(* Let $n\in\mathbb{N}_0$, $k\in\mathbb{N}$ and $\lambda\in\mathbb{C}\setminus\{0\}$. Then $$E_{n}^{\ast(-k)}(\lambda)=\frac{k!\,2^{n-k}}{\lambda^{k}}\,y_{3}\!\left(n,k;\lambda^{2};\frac12,-\frac12\right).$$
   Context: For $k\in\mathbb{N}_0$ and $\lambda\ne0$, the second kind Apostol type Euler numbers of order $-k$ are defined by $$\left(\frac{\lambda e^{t}+\lambda^{-1}e^{-t}}{2}\right)^{k}=\sum_{n=0}^{\infty}E_{n}^{\ast(-k)}(\lambda)\frac{t^{n}}{n!}.$$ For $a,b\in\mathbb{R}$, $\mu\in\mathbb{C}$, $k\in\mathbb{N}_0$, the numbers $y_3(n,k;\mu;a,b)$ are defined by $\frac{e^{bkt}}{k!}(\mu e^{(a-b)t}+1)^{k}=\sum_{n\ge0}y_{3}(n,k;\mu;a,b)\frac{t^{n}}{n!}$. *)

theory Defs
  imports "HOL-Analysis.Analysis" "HOL-Computational_Algebra.Formal_Power_Series"
begin

text \<open>Generating functions are treated as formal power series in t;
 e^{c t} is fps_exp c.\<close>

definition apostol_euler2_neg :: "nat \<Rightarrow> nat \<Rightarrow> complex \<Rightarrow> complex" where
  "apostol_euler2_neg n k lam =
     fact n * fps_nth
       (((fps_const lam * fps_exp 1 + fps_const (inverse lam) * fps_exp (-1)) / fps_const 2) ^ k) n"

definition y3 :: "nat \<Rightarrow> nat \<Rightarrow> complex \<Rightarrow> real \<Rightarrow> real \<Rightarrow> complex" where
  "y3 n k \<mu> a b =
     fact n * fps_nth
       (fps_const (1 / fact k) * fps_exp (complex_of_real (b * real k))
          * (fps_const \<mu> * fps_exp (complex_of_real (a - b)) + 1) ^ k) n"

end

theory Submission
  imports Defs
begin

text \<open>Factoring out \<open>\<lambda>\<^sup>-\<^sup>1 e\<^sup>-\<^sup>t\<close> gives
  \<open>(\<lambda>e\<^sup>t + \<lambda>\<^sup>-\<^sup>1e\<^sup>-\<^sup>t)/2 = (2\<lambda>)\<^sup>-\<^sup>1 e\<^sup>-\<^sup>t (\<lambda>\<^sup>2e\<^sup>2\<^sup>t + 1)\<close>,
  so the \<open>k\<close>-th power is \<open>k!/(2\<lambda>)\<^sup>k\<close> times the generating function of
  \<open>y\<^sub>3(n,k;\<lambda>\<^sup>2;1,-1)\<close>. Substituting \<open>t \<mapsto> 2t\<close> turns the parameters \<open>(1/2,-1/2)\<close>
  into \<open>(1,-1)\<close> and multiplies the \<open>n\<close>-th coefficient by \<open>2\<^sup>n\<close>.\<close>

lemma fps_exp_sum_factor:
  fixes lam a :: "'a :: field_char_0"
  assumes "lam \<noteq> 0"
  shows "fps_const lam * fps_exp a + fps_const (inverse lam) * fps_exp (-a)
       = fps_const (inverse lam) * fps_exp (-a) * (fps_const (lam^2) * fps_exp (2*a) + 1)"
proof -
  have "fps_exp (-a) * fps_exp (2*a) = fps_exp a"
    by (simp flip: fps_exp_add_mult)
  moreover have "fps_const (inverse lam) * fps_const (lam^2) = fps_const lam"
    using assms by (simp add: power2_eq_square flip: fps_const_mult)
  ultimately show ?thesis
    by (simp add: algebra_simps)
qed

lemma y3_dilate:
  "y3 n k \<mu> (c*a) (c*b) = of_real c ^ n * y3 n k \<mu> a b"
proof -
  let ?G = "fps_const (1 / fact k) * fps_exp (complex_of_real (b * real k))
              * (fps_const \<mu> * fps_exp (complex_of_real (a - b)) + 1) ^ k"
  have X0: "fps_nth (fps_const (of_real c) * fps_X :: complex fps) 0 = 0"
    by simp
  have "?G oo (fps_const (of_real c) * fps_X)
      = fps_const (1 / fact k) * fps_exp (complex_of_real (c*b * real k))
          * (fps_const \<mu> * fps_exp (complex_of_real (c*a - c*b)) + 1) ^ k"
    by (simp add: fps_compose_mult_distrib[OF X0] fps_compose_add_distrib
        flip: fps_compose_power[OF X0]) (simp add: algebra_simps)
  then show ?thesis
    unfolding y3_def by (metis fps_nth_compose_linear mult.left_commute)
qed

lemma apostol_euler2_neg_eq_y3:
  assumes "lam \<noteq> 0"
  shows "apostol_euler2_neg n k lam = fact k / (2*lam)^k * y3 n k (lam^2) 1 (-1)"
proof -
  have "(fps_const lam * fps_exp 1 + fps_const (inverse lam) * fps_exp (-1)) / fps_const 2
      = fps_const (inverse (2*lam)) * (fps_exp (-1) * (fps_const (lam^2) * fps_exp 2 + 1))"
    unfolding fps_exp_sum_factor[OF assms, of 1]
    by (simp add: divide_fps_const mult.assoc mult.commute flip: fps_const_mult)
  then have "((fps_const lam * fps_exp 1 + fps_const (inverse lam) * fps_exp (-1)) / fps_const 2) ^ k
      = fps_const (inverse (2*lam) ^ k) * (fps_exp (-1) ^ k * (fps_const (lam^2) * fps_exp 2 + 1) ^ k)"
    by (simp only: power_mult_distrib fps_const_power)
  also have "\<dots> = fps_const (fact k / (2*lam)^k) * (fps_const (1 / fact k)
      * fps_exp (complex_of_real (-1 * real k)) * (fps_const (lam^2) * fps_exp (complex_of_real (1 - -1)) + 1) ^ k)"
    by (simp add: fps_exp_power_mult inverse_eq_divide power_divide flip: fps_const_mult)
  finally show ?thesis
    unfolding apostol_euler2_neg_def y3_def by (simp only: fps_mult_left_const_nth) (simp add: ac_simps)
qed

theorem mainTheorem7:
  fixes n k :: nat and lam :: complex
  assumes "k \<ge> 1" and "lam \<noteq> 0"
  shows "apostol_euler2_neg n k lam =
    fact k * 2 powi (int n - int k) / lam ^ k * y3 n k (lam^2) (1/2) (-1/2)"
proof -
  have "y3 n k (lam^2) 1 (-1) = 2 ^ n * y3 n k (lam^2) (1/2) (-1/2)"
    using y3_dilate[of n k "lam^2" 2 "1/2" "-1/2"] by simp
  moreover have "(2::complex) powi (int n - int k) = 2 ^ n / 2 ^ k"
    by (simp add: power_int_diff)
  ultimately show ?thesis
    using apostol_euler2_neg_eq_y3[OF assms(2)] by (simp add: power_mult_distrib)
qed

end
(* For $k\in(0,\infty)$ let $\mathcal{T}_{(k)}$ be the Weibull law with tail function $\overline{F}_{(k)}(x)=e^{-x^k}$, $x\in[0,\infty)$. Each of the following statements is equivalent to $k\leq1$: (a) $\mathcal{T}_{(k)}^{\mathcal{R}}\leq_{\mathrm{st}}\mathcal{T}_{(k)}$ for all reset laws $\mathcal{R}$; (b) $\mathcal{T}_{(k)}^{\delta_r}\leq_{\mathrm{st}}\mathcal{T}_{(k)}$ for all $r\in(0,\infty)$; (c) $\mathcal{T}_{(k)}^{\mathrm{Exp}(\mu)}\leq_{\mathrm{st}}\mathcal{T}_{(k)}$ for all $\mu\in(0,\infty)$; (d) $\mathcal{T}_{(k)}^{\mathcal{R}}[\mathrm{id}]\leq\mathcal{T}_{(k)}[\mathrm{id}]$ for all reset laws $\mathcal{R}$; (e) $\mathcal{T}_{(k)}^{\delta_r}[\mathrm{id}]\leq\mathcal{T}_{(k)}[\mathrm{id}]$ for all $r\in(0,\infty)$; (f) $\mathcal{T}_{(k)}^{\mathrm{Exp}(\mu)}[\mathrm{id}]\leq\mathcal{T}_{(k)}[\mathrm{id}]$ for all $\mu\in(0,\infty)$; (g) $\Gamma(1+2/k)\geq2\Gamma(1+1/k)^2$. Likewise, each of (a)–(f) with $\leq_{\mathrm{st}}$, $\leq$ replaced by $\geq_{\mathrm{st}}$, $\geq$ is equivalent to $k\geq1$, and each of (a)–(f) with $\leq_{\mathrm{st}}$, $\leq$ replaced by equality is equivalent to $k=1$.
   Context: $\mathcal{Q}[\mathrm{id}]:=\int t\,\mathcal{Q}(\mathrm{d}t)$. A reset law is a probability law $\mathcal{R}$ on the Borel sets of $[0,\infty]$ with $\mathcal{R}((0,\infty])>0$ and $\mathcal{R}([0,\infty))>0$. Given a reset law $\mathcal{R}$ and a law $\mathcal{T}$ on $[0,\infty]$: let $(T_j)$ be i.i.d. with law $\mathcal{T}$ and $(R_j)$ an independent i.i.d. sequence with law $\mathcal{R}$; $\mathcal{T}^{\mathcal{R}}$ is the law of $\tilde T$ defined a.s. by $\tilde T=R_1+\cdots+R_{j-1}+T_j$ on $\{R_1<T_1,\ldots,R_{j-1}<T_{j-1},T_j\leq R_j\}$, $j\in\mathbb{N}$. $\delta_r$ is the Dirac mass at $r$, $\mathrm{Exp}(\mu)$ the exponential law with mean $\mu^{-1}$. $\mathcal{A}\leq_{\mathrm{st}}\mathcal{B}$ means $\mathcal{A}((t,\infty])\leq\mathcal{B}((t,\infty])$ for all $t\in[0,\infty)$. *)

theory Defs
  imports "HOL-Probability.Probability"
begin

*WHAT IS EXPECTED*
Transcribe, exactly and without additions, the lines of the records above, beginning with the line that contains "lam) * fps_const" and ending with the line that contains "c) * fps_X)", both included.

*THE ANSWER*
  moreover have "fps_const (inverse lam) * fps_const (lam^2) = fps_const lam"
    using assms by (simp add: power2_eq_square flip: fps_const_mult)
  ultimately show ?thesis
    by (simp add: algebra_simps)
qed

lemma y3_dilate:
  "y3 n k \<mu> (c*a) (c*b) = of_real c ^ n * y3 n k \<mu> a b"
proof -
  let ?G = "fps_const (1 / fact k) * fps_exp (complex_of_real (b * real k))
              * (fps_const \<mu> * fps_exp (complex_of_real (a - b)) + 1) ^ k"
  have X0: "fps_nth (fps_const (of_real c) * fps_X :: complex fps) 0 = 0"
    by simp
  have "?G oo (fps_const (of_real c) * fps_X)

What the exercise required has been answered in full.